lemma hawkes_modulus_prob_exponentially_small:
  assumes PRM: "poisson_random_measure M Pts" and "0 < T" "0 \<le> \<phi> 0" "0 \<le> \<alpha>"
    and lip: "\<alpha>-lipschitz_on UNIV \<phi>"
    and h_bound: "\<And>x. 0 \<le> x \<Longrightarrow> x \<le> T \<Longrightarrow> \<bar>h x\<bar> \<le> H" and "0 \<le> H"
    and sol: "\<And>\<epsilon>. 0 < \<epsilon> \<Longrightarrow> hawkes_solution M Pts \<phi> h \<epsilon> (N \<epsilon>)"
    and "0 < \<delta>" "0 < r"
  shows "\<forall>\<^sub>F m in at_top. \<exists>Q\<ge>1. \<forall>\<^sub>F \<epsilon> in at_right 0. measure M {\<omega> \<in> space M.
      ereal \<delta> \<le> continuity_modulus T (1 / m) (\<lambda>t. \<epsilon> * real (N \<epsilon> \<omega> t))} \<le> Q * exp (- r / \<epsilon>)"
proof -
  define \<rho> where "\<rho> = r / min 1 (\<delta> / 2)"
  have "0 \<le> \<rho>" and \<rho>: "\<rho> * min 1 (\<delta> / 2) = r"
    using \<open>0 < r\<close> \<open>0 < \<delta>\<close> unfolding \<rho>_def by auto
  define n where "n = nat \<lceil>exp 1 * (\<phi> 0 + 2 * (\<alpha> * H)) * T * exp \<rho>\<rceil> + 1"
  have "0 < n" unfolding n_def by simp
  have n_large: "exp 1 * (\<phi> 0 + 2 * (\<alpha> * H)) * T \<le> exp (- \<rho>) * real n"
    unfolding n_def by (simp add: exp_minus field_simps) linarith
  define K where "K = \<phi> 0 + \<alpha> * H * (2 ^ n - 1)"
  have "0 \<le> K" unfolding K_def using \<open>0 \<le> \<phi> 0\<close> \<open>0 \<le> \<alpha>\<close> \<open>0 \<le> H\<close> by simp
  show ?thesis
  proof (rule eventually_at_top_linorderI)
    fix m assume m_ge: "4 * exp 1 * K * exp \<rho> / \<delta> + 1 \<le> m"
    then have "0 < m" using \<open>0 \<le> K\<close> \<open>0 < \<delta>\<close> by (smt (verit) divide_nonneg_pos exp_gt_zero mult_nonneg_nonneg)
    have m_large: "4 * exp 1 * K \<le> exp (- \<rho>) * \<delta> * m"
      using m_ge \<open>0 < \<delta>\<close> by (simp add: exp_minus field_simps)
    have "\<forall>\<^sub>F \<epsilon> in at_right 0. measure M {\<omega> \<in> space M.
        ereal \<delta> \<le> continuity_modulus T (1 / m) (\<lambda>t. \<epsilon> * real (N \<epsilon> \<omega> t))}
        \<le> real (n + nat \<lfloor>m * T\<rfloor> + 1) * exp (- r / \<epsilon>)"
      using eventually_at_right_less[of 0]
    proof eventually_elim
      case (elim \<epsilon>)
      show ?case
        using hawkes_modulus_prob_le[OF PRM \<open>0 < T\<close> \<open>0 \<le> \<phi> 0\<close> \<open>0 \<le> \<alpha>\<close> lip h_bound \<open>0 \<le> H\<close>
            sol[OF elim] \<open>0 < \<delta>\<close> elim \<open>0 < m\<close> \<open>0 < n\<close> \<open>0 \<le> \<rho>\<close> n_large m_large[unfolded K_def]]
        by (simp add: \<rho> flip: mult.assoc)
    qed
    then show "\<exists>Q\<ge>1. \<forall>\<^sub>F \<epsilon> in at_right 0. measure M {\<omega> \<in> space M.
        ereal \<delta> \<le> continuity_modulus T (1 / m) (\<lambda>t. \<epsilon> * real (N \<epsilon> \<omega> t))} \<le> Q * exp (- r / \<epsilon>)"
      by (intro exI[of _ "real (n + nat \<lfloor>m * T\<rfloor> + 1)"]) auto
  qed
qed
(* Let $c$ be continuous and satisfy (C1)–(C3). Let $0\le\overline h\in L^\infty(\mathbb{R}^d\times\mathbb{R}^d)$ have compact support and let $0\le f,g\in L^1_c(\mathbb{R}^d)$ with $\Gamma(f,g)^{\overline h}\ne\emptyset$. If $h\in\Gamma(f,g)^{\overline h}$ minimizes $I_c$ over $\Gamma(f,g)^{\overline h}$, then $h$ is geometrically extreme.
   Context: Cost assumptions: (C1) $c$ is bounded; (C2) there is a Lebesgue-negligible closed set $Z\subset\mathbb{R}^d\times\mathbb{R}^d$ with $c\in C^2((\mathbb{R}^d\times\mathbb{R}^d)\setminus Z)$; (C3) $\det D^2_{xy}c(x,y)\ne0$ for all $(x,y)\notin Z$, where $D^2_{xy}c=(\partial^2c/\partial x_i\partial y_j)_{i,j}$. $L^1_c$: integrable functions with compact support. $\Gamma(f,g)$: the $0\le h\in L^1_c(\mathbb{R}^d\times\mathbb{R}^d)$ with $\int h(x,y)dy=f(x)$ and $\int h(x,y)dx=g(y)$ a.e.; $\Gamma(f,g)^{\overline h}:=\{h\in\Gamma(f,g):h\le\overline h\text{ a.e.}\}$. $I_c(h):=\int c\,h\,dx\,dy$. A density $h\in\Gamma(f,g)^{\overline h}$ is geometrically extreme if there is a Lebesgue measurable $W\subset\mathbb{R}^{2d}$ with $h=\overline h\,1_W$ almost everywhere. *)

theory Defs
  imports "HOL-Analysis.Analysis"
begin

type_synonym 'n pt = "real ^ 'n"
type_synonym 'n pp = "(real ^ 'n) \<times> (real ^ 'n)"

definition has_pderiv :: "('b::real_normed_vector \<Rightarrow> real) \<Rightarrow> 'b \<Rightarrow> 'b \<Rightarrow> real \<Rightarrow> bool" where
  "has_pderiv F v z D \<longleftrightarrow> ((\<lambda>t. F (z + t *\<^sub>R v)) has_real_derivative D) (at 0)"
lemma entropy_concentration_prefix_le:
  assumes Z: "0 < Z ys" and d: "d \<in> {1..M}"
  shows "- neg_entropy (concentration_prefix ys) \<le> delta + 1 + delta * ln M + ((1 - post d ys) / delta) * ln M"
proof (cases "has_concentrated_prefix ys")
  case True
  hence "concentrated (concentration_prefix ys)" using concentration_prefix_cases by blast
  then obtain w where w: "w \<in> {1..M}" "1 - delta \<le> post w (concentration_prefix ys)"
    unfolding concentrated_def by blast
  have "- neg_entropy (concentration_prefix ys) \<le> delta + 1 + delta * ln M"
    using entropy_le_if_concentrated[OF Z_pos_concentration_prefix[OF Z] w] delta_pos by simp
  moreover have "0 \<le> ((1 - post d ys) / delta) * ln M"
    using post_less_1[OF Z d] delta_pos M2 by simp
  ultimately show ?thesis by linarith
next
  case False
  hence a: "concentration_prefix ys = ys" "\<not> concentrated ys" using concentration_prefix_cases by blast+
  have "delta \<le> 1 - post d ys" using a(2) d unfolding concentrated_def by force
  hence "1 * ln M \<le> ((1 - post d ys) / delta) * ln M"
    using delta_pos M2 by (intro mult_right_mono) (auto simp: le_divide_eq)
  moreover have "- neg_entropy ys \<le> ln M" by (rule entropy_le_ln_card[OF Z])
  moreover have "0 \<le> delta + 1 + delta * ln M" using delta_pos M2 by simp
  ultimately show ?thesis unfolding a(1) by linarith
qed

lemma potential_lower:
  assumes B0: "0 \<le> B" and C0: "0 \<le> C" and eps: "0 < eps" and d: "d \<in> {1..M}"
  shows "potential B C ys \<ge> Z ys * (- B * (delta + 1 + delta * ln M) + C * (1 - ln 2 - ln eps - ln (lam / delta)))
           - (B * ln M / delta + C / eps) * (Z ys - lik d ys)"
proof (cases "Z ys = 0")
  case True thus ?thesis using lik_eq_0_if_Z_eq_0[OF True d] by (simp add: potential_def)
next
  case False
  hence Z: "0 < Z ys" using Z_nonneg[of ys] by linarith
  define a where "a = concentration_prefix ys"
  define e where "e = 1 - post d ys"
  have ep: "0 < e" and odds_ys: "- ln (2 * e) \<le> log_odds ys"
    using log_odds_lower[OF Z d] by (auto simp: e_def)
  have entropy: "- neg_entropy a \<le> delta + 1 + delta * ln M + (e / delta) * ln M"
    unfolding a_def e_def by (rule entropy_concentration_prefix_le[OF Z d])
  have "log_odds a \<le> ln (1 / (delta / lam))" unfolding a_def
    by (intro log_odds_upper Z_pos_concentration_prefix Z post_le_if_unconcentrated_prefixes
        unconcentrated_prefixes_concentration_prefix) (use delta_pos lam1 in auto)
  moreover have "ln (e / eps) \<le> e / eps - 1" using ep eps by (intro ln_le_minus_one) simp
  ultimately have odds_gain: "1 - ln 2 - ln eps - ln (lam / delta) - e / eps \<le> log_odds ys - log_odds a"
    using odds_ys ep eps by (simp add: ln_div ln_mult_pos)
  have "B * (- (delta + 1 + delta * ln M) - (e / delta) * ln M) \<le> B * neg_entropy a"
    using entropy B0 by (intro mult_left_mono) auto
  moreover have "C * (1 - ln 2 - ln eps - ln (lam / delta) - e / eps) \<le> C * (log_odds ys - log_odds a)"
    using odds_gain C0 by (rule mult_left_mono)
  ultimately have "(- B * (delta + 1 + delta * ln M) + C * (1 - ln 2 - ln eps - ln (lam / delta)))
      - (B * ln M / delta + C / eps) * e \<le> B * neg_entropy a + C * (log_odds ys - log_odds a)"
    by (simp add: algebra_simps)
  from mult_left_mono[OF this, of "Z ys"] Z
  have "Z ys * (- B * (delta + 1 + delta * ln M) + C * (1 - ln 2 - ln eps - ln (lam / delta)))
      - (B * ln M / delta + C / eps) * (Z ys * e) \<le> potential B C ys"
    unfolding potential_def a_def[symmetric] by (simp add: algebra_simps)
  moreover have "Z ys * e = Z ys - lik d ys" using Z by (simp add: e_def post_def right_diff_distrib)
  ultimately show ?thesis by simp
qed
lemma corr_hermitian_real:
  assumes R: "R \<in> carrier_mat 4 4" and h: "dagger R = R" and "a < 4" "b < 4"
  shows "cnj (corr R a b) = corr R a b"
proof -
  have off: "R $$ (j,i) = cnj (R $$ (i,j))" if "i < 4" "j < 4" for i j
    using dagger_hermitian_entry[OF R h that] .
  have diag: "cnj (R $$ (i,i)) = R $$ (i,i)" if "i < 4" for i
    using dagger_hermitian_entry[OF R h that that] by simp
  note entries = off[of 0 1] off[of 0 2] off[of 0 3] off[of 1 2] off[of 1 3] off[of 2 3]
    diag[of 0] diag[of 1] diag[of 2] diag[of 3]
  show ?thesis
    using assms(3,4)
    by (simp add: corr_eq_sum[OF R])
       (elim less_four_cases[of a] less_four_cases[of b];
        simp add: sum_lessThan_four kron_index pauli_entries pauli_entries' entries entries[unfolded One_nat_def])
qed

lemma of_real_Re_eq_if_cnj_eq: "cnj z = z \<Longrightarrow> complex_of_real (Re z) = z"
  by (simp add: complex_eq_iff)

lemma corr_add: "A \<in> carrier_mat 4 4 \<Longrightarrow> B \<in> carrier_mat 4 4 \<Longrightarrow> corr (A + B) a b = corr A a b + corr B a b"
  using pauli2_carrier_mat[of a b]
  by (simp add: corr_def add_mult_distrib_mat[of _ 4 4 _ _ 4] mtrace_add[of _ 4])

lemma corr_diff: "A \<in> carrier_mat 4 4 \<Longrightarrow> B \<in> carrier_mat 4 4 \<Longrightarrow> corr (A - B) a b = corr A a b - corr B a b"
  using pauli2_carrier_mat[of a b]
  by (simp add: corr_def minus_mult_distrib_mat[of _ 4 4 _ _ 4] mtrace_def sum_subtractf)

lemma corr_sandwich_kron:
  assumes R: "R \<in> carrier_mat 4 4" and P: "P \<in> carrier_mat 2 2" and Q: "Q \<in> carrier_mat 2 2"
  shows "4 * corr (sandwich (kron P Q) R) a b
     = (\<Sum>m<4. \<Sum>n<4. pauli_coord m (sandwich P (pauli a)) * pauli_coord n (sandwich Q (pauli b)) * corr R m n)"
proof -
  have "corr (sandwich (kron P Q) R) a b = mtrace (R * sandwich (kron P Q) (pauli2 a b))"
    unfolding corr_def using R P Q by (intro mtrace_sandwich_mult kron_carrier_mat_2) auto
  also have "\<dots> = mtrace (R * kron (sandwich P (pauli a)) (sandwich Q (pauli b)))"
    using P Q by (simp add: sandwich_kron)
  finally show ?thesis
    using mtrace_kron_corr_expansion[OF R sandwich_carrier_mat[OF P pauli_carrier]
        sandwich_carrier_mat[OF Q pauli_carrier]]
    by simp
qed

section \<open>Local projective measurements in Pauli coordinates\<close>

text \<open>
  Pauli transfer matrix of the one-qubit measurement channel \<open>A \<mapsto> P\<^sub>+ A P\<^sub>+ + P\<^sub>- A P\<^sub>-\<close>
  along \<open>k\<close>; for a unit vector it is \<open>2\<close> on \<open>\<sigma>\<^sub>0\<close> and \<open>2 k k\<^sup>t\<close> on the Bloch block.
\<close>

definition dephasing_coef :: "(nat \<Rightarrow> real) \<Rightarrow> nat \<Rightarrow> nat \<Rightarrow> real" where
  "dephasing_coef k m a =
    (if m = 0 \<and> a = 0 then 1 + ((k 1)\<^sup>2 + (k 2)\<^sup>2 + (k 3)\<^sup>2)
     else if m = 0 \<or> a = 0 then 0
     else (if m = a then 1 - ((k 1)\<^sup>2 + (k 2)\<^sup>2 + (k 3)\<^sup>2) else 0) + 2 * k m * k a)"

lemma unit3_iff_sum: "unit3 k \<longleftrightarrow> (\<Sum>i\<in>{1,2,3::nat}. (k i)\<^sup>2) = 1"
  by (simp add: unit3_def add.assoc)

lemma dephasing_coef_unit:
  "unit3 k \<Longrightarrow> dephasing_coef k m a =
     (if m = 0 \<and> a = 0 then 2 else if m = 0 \<or> a = 0 then 0 else 2 * k m * k a)"
  by (simp add: dephasing_coef_def unit3_def)

lemma pauli_coord_dephasing:
  assumes "m < 4" "a < 4"
  shows "pauli_coord m (sandwich (proj 1 k) (pauli a)) + pauli_coord m (sandwich (proj (-1) k) (pauli a))
       = complex_of_real (dephasing_coef k m a)"
  using assms
  by (simp add: pauli_coord_eq_sum sandwich_carrier_mat)
     (elim less_four_cases[of m] less_four_cases[of a];
      simp add: sum_lessThan_two sandwich_index_2 pauli_entries pauli_entries'
        proj_entries proj_entries' dephasing_coef_def;
      simp add: complex_eq_iff field_simps power2_eq_square)

lemma pauli_coord_pauli:
  "n < 4 \<Longrightarrow> b < 4 \<Longrightarrow> pauli_coord n (sandwich (1\<^sub>m 2) (pauli b)) = (if n = b then 2 else 0)"
  by (simp add: sandwich_def mtrace_pauli_mult)

lemma corr_chi:
  assumes R: "R \<in> carrier_mat 4 4" and ab: "a < 4" "b < 4"
  shows "4 * corr (chi R k l) a b
       = (\<Sum>m<4. \<Sum>n<4. complex_of_real (dephasing_coef k m a) * complex_of_real (dephasing_coef l n b) * corr R m n)"
proof -
  define S where "S s t = sandwich (kron (proj s k) (proj t l)) R" for s t
  have S_carrier: "S s t \<in> carrier_mat 4 4" for s t
    unfolding S_def by (intro sandwich_carrier_mat kron_carrier_mat_2 R proj_carrier)
  define f where "f s m = pauli_coord m (sandwich (proj s k) (pauli a))" for s m
  define g where "g t n = pauli_coord n (sandwich (proj t l) (pauli b))" for t n
  have S_corr: "4 * corr (S s t) a b = (\<Sum>m<4. \<Sum>n<4. f s m * g t n * corr R m n)" for s t
    unfolding S_def f_def g_def by (rule corr_sandwich_kron[OF R proj_carrier proj_carrier])
  have "corr (chi R k l) a b = corr (S 1 1) a b + corr (S 1 (-1)) a b + corr (S (-1) 1) a b + corr (S (-1) (-1)) a b"
    unfolding chi_def S_def[symmetric] using S_carrier by (simp add: corr_add)
  then have "4 * corr (chi R k l) a b
      = 4 * corr (S 1 1) a b + 4 * corr (S 1 (-1)) a b + 4 * corr (S (-1) 1) a b + 4 * corr (S (-1) (-1)) a b"
    by (simp add: algebra_simps)
  also have "\<dots> = (\<Sum>m<4. \<Sum>n<4. (f 1 m + f (-1) m) * (g 1 n + g (-1) n) * corr R m n)"
    unfolding S_corr by (simp add: algebra_simps sum.distrib)
  also have "\<dots> = (\<Sum>m<4. \<Sum>n<4. complex_of_real (dephasing_coef k m a) * complex_of_real (dephasing_coef l n b) * corr R m n)"
    by (intro sum.cong refl) (simp add: f_def g_def pauli_coord_dephasing ab)
  finally show ?thesis .
qed

lemma corr_rho_right:
  assumes R: "R \<in> carrier_mat 4 4" and ab: "a < 4" "b < 4"
  shows "4 * corr (rho_right R k) a b
       = (\<Sum>m<4. \<Sum>n<4. complex_of_real (dephasing_coef k m a) * (if n = b then 2 else 0) * corr R m n)"
proof -
  define S where "S s = sandwich (kron (proj s k) (1\<^sub>m 2)) R" for s
  have S_carrier: "S s \<in> carrier_mat 4 4" for s
    unfolding S_def by (intro sandwich_carrier_mat kron_carrier_mat_2 R proj_carrier one_carrier_mat)
  define f where "f s m = pauli_coord m (sandwich (proj s k) (pauli a))" for s m
  define g where "g n = pauli_coord n (sandwich (1\<^sub>m 2) (pauli b))" for n
  have S_corr: "4 * corr (S s) a b = (\<Sum>m<4. \<Sum>n<4. f s m * g n * corr R m n)" for s
    unfolding S_def f_def g_def by (rule corr_sandwich_kron[OF R proj_carrier one_carrier_mat])
  have "corr (rho_right R k) a b = corr (S 1) a b + corr (S (-1)) a b"
    unfolding rho_right_def S_def[symmetric] using S_carrier by (simp add: corr_add)
  then have "4 * corr (rho_right R k) a b = 4 * corr (S 1) a b + 4 * corr (S (-1)) a b"
    by (simp add: algebra_simps)
  also have "\<dots> = (\<Sum>m<4. \<Sum>n<4. (f 1 m + f (-1) m) * g n * corr R m n)"
    unfolding S_corr by (simp add: algebra_simps sum.distrib)
  also have "\<dots> = (\<Sum>m<4. \<Sum>n<4. complex_of_real (dephasing_coef k m a) * (if n = b then 2 else 0) * corr R m n)"
    by (intro sum.cong refl) (simp add: f_def g_def pauli_coord_dephasing pauli_coord_pauli ab)
  finally show ?thesis .
qed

_Exercise instructions_: In the listing above, find every line with the word "diag" and copy it.

_Task solution_:
  have diag: "cnj (R $$ (i,i)) = R $$ (i,i)" if "i < 4" for i
    diag[of 0] diag[of 1] diag[of 2] diag[of 3]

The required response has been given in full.